[Excerpted data Boundary: Start]

lemma sum_if_union:
  assumes "finite A" "finite B" "A \<inter> B = {}"
  shows "(\<Sum>m\<in>A \<union> B. (if m \<in> A then a m else b m) * \<phi> m) = (\<Sum>m\<in>A. a m * \<phi> m) + (\<Sum>m\<in>B. b m * \<phi> m)"
  using assms by (simp add: sum.union_disjoint) (intro arg_cong2[where f="(+)"] sum.cong; auto)

locale mpoc_nondegenerate_point =
  fixes f :: "'a::euclidean_space \<Rightarrow> real"
    and f' :: "'a \<Rightarrow> ('a \<Rightarrow>\<^sub>L real)" and f'' :: "'a \<Rightarrow> ('a \<Rightarrow>\<^sub>L ('a \<Rightarrow>\<^sub>L real))"
    and I :: "'i set" and h :: "'i \<Rightarrow> 'a \<Rightarrow> real"
    and h' :: "'i \<Rightarrow> 'a \<Rightarrow> ('a \<Rightarrow>\<^sub>L real)" and h'' :: "'i \<Rightarrow> 'a \<Rightarrow> ('a \<Rightarrow>\<^sub>L ('a \<Rightarrow>\<^sub>L real))"
    and J :: "'j set" and g :: "'j \<Rightarrow> 'a \<Rightarrow> real"
    and g' :: "'j \<Rightarrow> 'a \<Rightarrow> ('a \<Rightarrow>\<^sub>L real)" and g'' :: "'j \<Rightarrow> 'a \<Rightarrow> ('a \<Rightarrow>\<^sub>L ('a \<Rightarrow>\<^sub>L real))"
    and k :: nat and F1 F2 :: "nat \<Rightarrow> 'a \<Rightarrow> real"
    and F1' F2' :: "nat \<Rightarrow> 'a \<Rightarrow> ('a \<Rightarrow>\<^sub>L real)"
    and F1'' F2'' :: "nat \<Rightarrow> 'a \<Rightarrow> ('a \<Rightarrow>\<^sub>L ('a \<Rightarrow>\<^sub>L real))"
    and xb :: 'a
    and lam :: "'i \<Rightarrow> real" and mu :: "'j \<Rightarrow> real"
    and sig1 sig2 rho1 rho2 :: "nat \<Rightarrow> real"
    and D2L :: "'a \<Rightarrow> 'a \<Rightarrow> real" and T :: "'a set"
  assumes finI: "finite I" and finJ: "finite J"
    and C2f: "C2_with f f' f''"
    and C2h: "\<forall>i\<in>I. C2_with (h i) (h' i) (h'' i)"
    and C2g: "\<forall>j\<in>J. C2_with (g j) (g' j) (g'' j)"
    and C2F1: "\<forall>m\<in>{1..k}. C2_with (F1 m) (F1' m) (F1'' m)"
    and C2F2: "\<forall>m\<in>{1..k}. C2_with (F2 m) (F2' m) (F2'' m)"
    and feas: "xb \<in> feasible_set I h J g k F1 F2"
    and stat: "\<forall>\<xi>. f' xb \<xi> =
        (\<Sum>i\<in>I. lam i * h' i xb \<xi>) + (\<Sum>j\<in>J0 J g xb. mu j * g' j xb \<xi>)
        + (\<Sum>m\<in>a01 k F1 F2 xb. sig1 m * F1' m xb \<xi>)
        + (\<Sum>m\<in>a10 k F1 F2 xb. sig2 m * F2' m xb \<xi>)
        + (\<Sum>m\<in>a00 k F1 F2 xb. rho1 m * F1' m xb \<xi> + rho2 m * F2' m xb \<xi>)"
    and ND1: "\<forall>(a::'i \<Rightarrow> real) (b::'j \<Rightarrow> real) (c1::nat \<Rightarrow> real) (c2::nat \<Rightarrow> real).
        (\<forall>\<xi>. (\<Sum>i\<in>I. a i * h' i xb \<xi>) + (\<Sum>j\<in>J0 J g xb. b j * g' j xb \<xi>)
            + (\<Sum>m\<in>a01 k F1 F2 xb \<union> a00 k F1 F2 xb. c1 m * F1' m xb \<xi>)
            + (\<Sum>m\<in>a10 k F1 F2 xb \<union> a00 k F1 F2 xb. c2 m * F2' m xb \<xi>) = 0)
        \<longrightarrow> (\<forall>i\<in>I. a i = 0) \<and> (\<forall>j\<in>J0 J g xb. b j = 0)
            \<and> (\<forall>m\<in>a01 k F1 F2 xb \<union> a00 k F1 F2 xb. c1 m = 0)
            \<and> (\<forall>m\<in>a10 k F1 F2 xb \<union> a00 k F1 F2 xb. c2 m = 0)"
    and ND2: "\<forall>j\<in>J0 J g xb. mu j > 0"
    and ND3: "\<forall>m\<in>a00 k F1 F2 xb. rho1 m \<noteq> 0 \<and> rho2 m < 0"
    and D2L_def: "\<forall>\<xi> \<eta>. D2L \<xi> \<eta> = D2 (f'' xb) \<xi> \<eta>
        - (\<Sum>i\<in>I. lam i * D2 (h'' i xb) \<xi> \<eta>)
        - (\<Sum>j\<in>J0 J g xb. mu j * D2 (g'' j xb) \<xi> \<eta>)
        - (\<Sum>m\<in>a01 k F1 F2 xb. sig1 m * D2 (F1'' m xb) \<xi> \<eta>)
        - (\<Sum>m\<in>a10 k F1 F2 xb. sig2 m * D2 (F2'' m xb) \<xi> \<eta>)
        - (\<Sum>m\<in>a00 k F1 F2 xb. rho1 m * D2 (F1'' m xb) \<xi> \<eta> + rho2 m * D2 (F2'' m xb) \<xi> \<eta>)"
    and T_def: "T = {\<xi>. (\<forall>i\<in>I. h' i xb \<xi> = 0) \<and> (\<forall>j\<in>J0 J g xb. g' j xb \<xi> = 0)
        \<and> (\<forall>m\<in>a01 k F1 F2 xb \<union> a00 k F1 F2 xb. F1' m xb \<xi> = 0)
        \<and> (\<forall>m\<in>a10 k F1 F2 xb \<union> a00 k F1 F2 xb. F2' m xb \<xi> = 0)}"
    and ND4: "restr_nonsingular D2L T"
begin

abbreviation "M \<equiv> feasible_set I h J g k F1 F2"
abbreviation "J0x \<equiv> J0 J g xb"
abbreviation "A00 \<equiv> a00 k F1 F2 xb"
abbreviation "A01 \<equiv> a01 k F1 F2 xb"
abbreviation "A10 \<equiv> a10 k F1 F2 xb"
abbreviation "E \<equiv> mpoc_index I J0x (A01 \<union> A00) (A10 \<union> A00)"
abbreviation "c \<equiv> case_sum h (case_sum g (case_sum F1 F2))"
abbreviation "c' \<equiv> case_sum h' (case_sum g' (case_sum F1' F2'))"
abbreviation "c'' \<equiv> case_sum h'' (case_sum g'' (case_sum F1'' F2''))"
abbreviation "multiplier \<equiv> case_sum lam (case_sum mu (case_sum (\<lambda>m. if m \<in> A01 then sig1 m else rho1 m)
  (\<lambda>m. if m \<in> A10 then sig2 m else rho2 m)))"

lemma finite_active_sets: "finite J0x" "finite A00" "finite A01" "finite A10"
  using finJ by (auto simp: J0_def a00_def a01_def a10_def)

lemma active_sets_disjoint: "A01 \<inter> A00 = {}" "A10 \<inter> A00 = {}"
  by (auto simp: a00_def a01_def a10_def)

lemma pair_classification: "m \<in> {1..k} \<Longrightarrow> m \<in> A01 \<or> m \<in> A00 \<or> m \<in> A10"
  using feas by (force simp: feasible_set_def a00_def a01_def a10_def)

lemma finite_E: "finite E"
  using finI finite_active_sets by (simp add: finite_mpoc_index)

lemma sum_E: "(\<Sum>r\<in>E. \<phi> r) = (\<Sum>i\<in>I. \<phi> (Inl i)) + (\<Sum>j\<in>J0x. \<phi> (Inr (Inl j)))
    + (\<Sum>m\<in>A01 \<union> A00. \<phi> (Inr (Inr (Inl m)))) + (\<Sum>m\<in>A10 \<union> A00. \<phi> (Inr (Inr (Inr m))))"
  using finI finite_active_sets by (simp add: sum_mpoc_index)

[Excerpted data Boundary: End]

- Task brief
Every entry above needs to be duplicated exactly.

- Response to the task
lemma sum_if_union:
  assumes "finite A" "finite B" "A \<inter> B = {}"
  shows "(\<Sum>m\<in>A \<union> B. (if m \<in> A then a m else b m) * \<phi> m) = (\<Sum>m\<in>A. a m * \<phi> m) + (\<Sum>m\<in>B. b m * \<phi> m)"
  using assms by (simp add: sum.union_disjoint) (intro arg_cong2[where f="(+)"] sum.cong; auto)

locale mpoc_nondegenerate_point =
  fixes f :: "'a::euclidean_space \<Rightarrow> real"
    and f' :: "'a \<Rightarrow> ('a \<Rightarrow>\<^sub>L real)" and f'' :: "'a \<Rightarrow> ('a \<Rightarrow>\<^sub>L ('a \<Rightarrow>\<^sub>L real))"
    and I :: "'i set" and h :: "'i \<Rightarrow> 'a \<Rightarrow> real"
    and h' :: "'i \<Rightarrow> 'a \<Rightarrow> ('a \<Rightarrow>\<^sub>L real)" and h'' :: "'i \<Rightarrow> 'a \<Rightarrow> ('a \<Rightarrow>\<^sub>L ('a \<Rightarrow>\<^sub>L real))"
    and J :: "'j set" and g :: "'j \<Rightarrow> 'a \<Rightarrow> real"
    and g' :: "'j \<Rightarrow> 'a \<Rightarrow> ('a \<Rightarrow>\<^sub>L real)" and g'' :: "'j \<Rightarrow> 'a \<Rightarrow> ('a \<Rightarrow>\<^sub>L ('a \<Rightarrow>\<^sub>L real))"
    and k :: nat and F1 F2 :: "nat \<Rightarrow> 'a \<Rightarrow> real"
    and F1' F2' :: "nat \<Rightarrow> 'a \<Rightarrow> ('a \<Rightarrow>\<^sub>L real)"
    and F1'' F2'' :: "nat \<Rightarrow> 'a \<Rightarrow> ('a \<Rightarrow>\<^sub>L ('a \<Rightarrow>\<^sub>L real))"
    and xb :: 'a
    and lam :: "'i \<Rightarrow> real" and mu :: "'j \<Rightarrow> real"
    and sig1 sig2 rho1 rho2 :: "nat \<Rightarrow> real"
    and D2L :: "'a \<Rightarrow> 'a \<Rightarrow> real" and T :: "'a set"
  assumes finI: "finite I" and finJ: "finite J"
    and C2f: "C2_with f f' f''"
    and C2h: "\<forall>i\<in>I. C2_with (h i) (h' i) (h'' i)"
    and C2g: "\<forall>j\<in>J. C2_with (g j) (g' j) (g'' j)"
    and C2F1: "\<forall>m\<in>{1..k}. C2_with (F1 m) (F1' m) (F1'' m)"
    and C2F2: "\<forall>m\<in>{1..k}. C2_with (F2 m) (F2' m) (F2'' m)"
    and feas: "xb \<in> feasible_set I h J g k F1 F2"
    and stat: "\<forall>\<xi>. f' xb \<xi> =
        (\<Sum>i\<in>I. lam i * h' i xb \<xi>) + (\<Sum>j\<in>J0 J g xb. mu j * g' j xb \<xi>)
        + (\<Sum>m\<in>a01 k F1 F2 xb. sig1 m * F1' m xb \<xi>)
        + (\<Sum>m\<in>a10 k F1 F2 xb. sig2 m * F2' m xb \<xi>)
        + (\<Sum>m\<in>a00 k F1 F2 xb. rho1 m * F1' m xb \<xi> + rho2 m * F2' m xb \<xi>)"
    and ND1: "\<forall>(a::'i \<Rightarrow> real) (b::'j \<Rightarrow> real) (c1::nat \<Rightarrow> real) (c2::nat \<Rightarrow> real).
        (\<forall>\<xi>. (\<Sum>i\<in>I. a i * h' i xb \<xi>) + (\<Sum>j\<in>J0 J g xb. b j * g' j xb \<xi>)
            + (\<Sum>m\<in>a01 k F1 F2 xb \<union> a00 k F1 F2 xb. c1 m * F1' m xb \<xi>)
            + (\<Sum>m\<in>a10 k F1 F2 xb \<union> a00 k F1 F2 xb. c2 m * F2' m xb \<xi>) = 0)
        \<longrightarrow> (\<forall>i\<in>I. a i = 0) \<and> (\<forall>j\<in>J0 J g xb. b j = 0)
            \<and> (\<forall>m\<in>a01 k F1 F2 xb \<union> a00 k F1 F2 xb. c1 m = 0)
            \<and> (\<forall>m\<in>a10 k F1 F2 xb \<union> a00 k F1 F2 xb. c2 m = 0)"
    and ND2: "\<forall>j\<in>J0 J g xb. mu j > 0"
    and ND3: "\<forall>m\<in>a00 k F1 F2 xb. rho1 m \<noteq> 0 \<and> rho2 m < 0"
    and D2L_def: "\<forall>\<xi> \<eta>. D2L \<xi> \<eta> = D2 (f'' xb) \<xi> \<eta>
        - (\<Sum>i\<in>I. lam i * D2 (h'' i xb) \<xi> \<eta>)
        - (\<Sum>j\<in>J0 J g xb. mu j * D2 (g'' j xb) \<xi> \<eta>)
        - (\<Sum>m\<in>a01 k F1 F2 xb. sig1 m * D2 (F1'' m xb) \<xi> \<eta>)
        - (\<Sum>m\<in>a10 k F1 F2 xb. sig2 m * D2 (F2'' m xb) \<xi> \<eta>)
        - (\<Sum>m\<in>a00 k F1 F2 xb. rho1 m * D2 (F1'' m xb) \<xi> \<eta> + rho2 m * D2 (F2'' m xb) \<xi> \<eta>)"
    and T_def: "T = {\<xi>. (\<forall>i\<in>I. h' i xb \<xi> = 0) \<and> (\<forall>j\<in>J0 J g xb. g' j xb \<xi> = 0)
        \<and> (\<forall>m\<in>a01 k F1 F2 xb \<union> a00 k F1 F2 xb. F1' m xb \<xi> = 0)
        \<and> (\<forall>m\<in>a10 k F1 F2 xb \<union> a00 k F1 F2 xb. F2' m xb \<xi> = 0)}"
    and ND4: "restr_nonsingular D2L T"
begin

abbreviation "M \<equiv> feasible_set I h J g k F1 F2"
abbreviation "J0x \<equiv> J0 J g xb"
abbreviation "A00 \<equiv> a00 k F1 F2 xb"
abbreviation "A01 \<equiv> a01 k F1 F2 xb"
abbreviation "A10 \<equiv> a10 k F1 F2 xb"
abbreviation "E \<equiv> mpoc_index I J0x (A01 \<union> A00) (A10 \<union> A00)"
abbreviation "c \<equiv> case_sum h (case_sum g (case_sum F1 F2))"
abbreviation "c' \<equiv> case_sum h' (case_sum g' (case_sum F1' F2'))"
abbreviation "c'' \<equiv> case_sum h'' (case_sum g'' (case_sum F1'' F2''))"
abbreviation "multiplier \<equiv> case_sum lam (case_sum mu (case_sum (\<lambda>m. if m \<in> A01 then sig1 m else rho1 m)
  (\<lambda>m. if m \<in> A10 then sig2 m else rho2 m)))"

lemma finite_active_sets: "finite J0x" "finite A00" "finite A01" "finite A10"
  using finJ by (auto simp: J0_def a00_def a01_def a10_def)

lemma active_sets_disjoint: "A01 \<inter> A00 = {}" "A10 \<inter> A00 = {}"
  by (auto simp: a00_def a01_def a10_def)

lemma pair_classification: "m \<in> {1..k} \<Longrightarrow> m \<in> A01 \<or> m \<in> A00 \<or> m \<in> A10"
  using feas by (force simp: feasible_set_def a00_def a01_def a10_def)

lemma finite_E: "finite E"
  using finI finite_active_sets by (simp add: finite_mpoc_index)

lemma sum_E: "(\<Sum>r\<in>E. \<phi> r) = (\<Sum>i\<in>I. \<phi> (Inl i)) + (\<Sum>j\<in>J0x. \<phi> (Inr (Inl j)))
    + (\<Sum>m\<in>A01 \<union> A00. \<phi> (Inr (Inr (Inl m)))) + (\<Sum>m\<in>A10 \<union> A00. \<phi> (Inr (Inr (Inr m))))"
  using finI finite_active_sets by (simp add: sum_mpoc_index)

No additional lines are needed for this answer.